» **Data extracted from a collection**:

(* Consider the problem and the SC-SCSG algorithm described in the context, and suppose Assumptions (A2) and (A6) hold. Then at every inner iteration $k$ of epoch $s$, with $A=|\mathcal A|$ and $D=|\mathcal D_1|$, $$\mathbb{E}_{\mathcal A,\mathcal D_1}\|\hat G_k-G(x_k)\|^2\le 4\Big(\frac{\mathbb{I}(A<n)}{A}+\frac{\mathbb{I}(D<n)}{D}\Big)B_G^2\,\mathbb{E}\|x_k-\tilde x_s\|^2+2\frac{\mathbb{I}(D<n)}{D}H_1 .$$
   Context: Problem: minimize $f(x)=F(G(x))=\frac1n\sum_{i=1}^nF_i\big(\frac1n\sum_{j=1}^nG_j(x)\big)$ over $x\in\mathbb{R}^N$, where $G_j:\mathbb{R}^N\to\mathbb{R}^M$, $F_i:\mathbb{R}^M\to\mathbb{R}$, $G=\frac1n\sum_jG_j$, $F=\frac1n\sum_iF_i$, $\partial G_j(x)\in\mathbb{R}^{M\times N}$ is the Jacobian, so $\nabla f(x)=(\partial G(x))^\top\nabla F(G(x))$. For a multiset $\mathcal S$ of indices from $[n]$, $G_{\mathcal S}=\frac1{|\mathcal S|}\sum_{j\in\mathcal S}G_j$, and similarly $\partial G_{\mathcal S}$, $F_{\mathcal S}$. $\mathbb{I}(\cdot)$ is the indicator function. Algorithm (SC-SCSG): parameters $K$ (inner iterations), $S$ (epochs), step $\eta>0$, batch sizes $A\le D$, initial point $\tilde x_0$. For each epoch $s=0,\dots,S-1$: form $\mathcal D_1,\mathcal D_2$, each of $D$ indices sampled independently and uniformly from $[n]$ (independent of each other); set $\nabla\hat f_{\mathcal D}(\tilde x_s)=(\partial G_{\mathcal D_1}(\tilde x_s))^\top\nabla F_{\mathcal D_2}(G_{\mathcal D_1}(\tilde x_s))$ and $x_0=\tilde x_s$. For $k=0,\dots,K-1$: sample a mini-batch $\mathcal A$ of $A$ indices from $[n]$ (independent of $\mathcal D$), set $\hat G_k=G_{\mathcal A}(x_k)-G_{\mathcal A}(\tilde x_s)+G_{\mathcal D_1}(\tilde x_s)$; draw $i_k,j_k$ independently uniformly from $[n]$; set $\nabla\tilde f_k=(\partial G_{j_k}(x_k))^\top\nabla F_{i_k}(\hat G_k)-(\partial G_{j_k}(\tilde x_s))^\top\nabla F_{i_k}(G_{\mathcal D_1}(\tilde x_s))+\nabla\hat f_{\mathcal D}(\tilde x_s)$ and $x_{k+1}=x_k-\eta\nabla\tilde f_k$. Then $\tilde x_{s+1}=x_K$. Within an epoch $x_k$ denotes the $k$-th inner iterate of epoch $s$. (A2) For all $j$ and $x,y\in\mathbb{R}^N$: $\|\partial G_j(x)\|\le B_G$ (so $\|G_j(x)-G_j(y)\|\le B_G\|x-y\|$) and $\|\partial G_j(x)-\partial G_j(y)\|\le L_G\|x-y\|$. (A6) For all $x\in\mathbb{R}^N,y\in\mathbb{R}^M$: $\frac1n\sum_{i=1}^n\|G(x)-G_i(x)\|^2\le H_1$ and $\frac1{n^2}\sum_{i,j=1}^n\|(\partial G(x))^\top\nabla F(y)-(\partial G_j(x))^\top\nabla F_i(y)\|^2\le H_2$. *)

theory Defs
  imports "HOL-Analysis.Analysis" "HOL-Probability.Probability"
begin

» **TASK DIRECTIONS**: Could you copy out all of the records above exactly?

» **ANSWER**:
(* Consider the problem and the SC-SCSG algorithm described in the context, and suppose Assumptions (A2) and (A6) hold. Then at every inner iteration $k$ of epoch $s$, with $A=|\mathcal A|$ and $D=|\mathcal D_1|$, $$\mathbb{E}_{\mathcal A,\mathcal D_1}\|\hat G_k-G(x_k)\|^2\le 4\Big(\frac{\mathbb{I}(A<n)}{A}+\frac{\mathbb{I}(D<n)}{D}\Big)B_G^2\,\mathbb{E}\|x_k-\tilde x_s\|^2+2\frac{\mathbb{I}(D<n)}{D}H_1 .$$
   Context: Problem: minimize $f(x)=F(G(x))=\frac1n\sum_{i=1}^nF_i\big(\frac1n\sum_{j=1}^nG_j(x)\big)$ over $x\in\mathbb{R}^N$, where $G_j:\mathbb{R}^N\to\mathbb{R}^M$, $F_i:\mathbb{R}^M\to\mathbb{R}$, $G=\frac1n\sum_jG_j$, $F=\frac1n\sum_iF_i$, $\partial G_j(x)\in\mathbb{R}^{M\times N}$ is the Jacobian, so $\nabla f(x)=(\partial G(x))^\top\nabla F(G(x))$. For a multiset $\mathcal S$ of indices from $[n]$, $G_{\mathcal S}=\frac1{|\mathcal S|}\sum_{j\in\mathcal S}G_j$, and similarly $\partial G_{\mathcal S}$, $F_{\mathcal S}$. $\mathbb{I}(\cdot)$ is the indicator function. Algorithm (SC-SCSG): parameters $K$ (inner iterations), $S$ (epochs), step $\eta>0$, batch sizes $A\le D$, initial point $\tilde x_0$. For each epoch $s=0,\dots,S-1$: form $\mathcal D_1,\mathcal D_2$, each of $D$ indices sampled independently and uniformly from $[n]$ (independent of each other); set $\nabla\hat f_{\mathcal D}(\tilde x_s)=(\partial G_{\mathcal D_1}(\tilde x_s))^\top\nabla F_{\mathcal D_2}(G_{\mathcal D_1}(\tilde x_s))$ and $x_0=\tilde x_s$. For $k=0,\dots,K-1$: sample a mini-batch $\mathcal A$ of $A$ indices from $[n]$ (independent of $\mathcal D$), set $\hat G_k=G_{\mathcal A}(x_k)-G_{\mathcal A}(\tilde x_s)+G_{\mathcal D_1}(\tilde x_s)$; draw $i_k,j_k$ independently uniformly from $[n]$; set $\nabla\tilde f_k=(\partial G_{j_k}(x_k))^\top\nabla F_{i_k}(\hat G_k)-(\partial G_{j_k}(\tilde x_s))^\top\nabla F_{i_k}(G_{\mathcal D_1}(\tilde x_s))+\nabla\hat f_{\mathcal D}(\tilde x_s)$ and $x_{k+1}=x_k-\eta\nabla\tilde f_k$. Then $\tilde x_{s+1}=x_K$. Within an epoch $x_k$ denotes the $k$-th inner iterate of epoch $s$. (A2) For all $j$ and $x,y\in\mathbb{R}^N$: $\|\partial G_j(x)\|\le B_G$ (so $\|G_j(x)-G_j(y)\|\le B_G\|x-y\|$) and $\|\partial G_j(x)-\partial G_j(y)\|\le L_G\|x-y\|$. (A6) For all $x\in\mathbb{R}^N,y\in\mathbb{R}^M$: $\frac1n\sum_{i=1}^n\|G(x)-G_i(x)\|^2\le H_1$ and $\frac1{n^2}\sum_{i,j=1}^n\|(\partial G(x))^\top\nabla F(y)-(\partial G_j(x))^\top\nabla F_i(y)\|^2\le H_2$. *)

theory Defs
  imports "HOL-Analysis.Analysis" "HOL-Probability.Probability"
begin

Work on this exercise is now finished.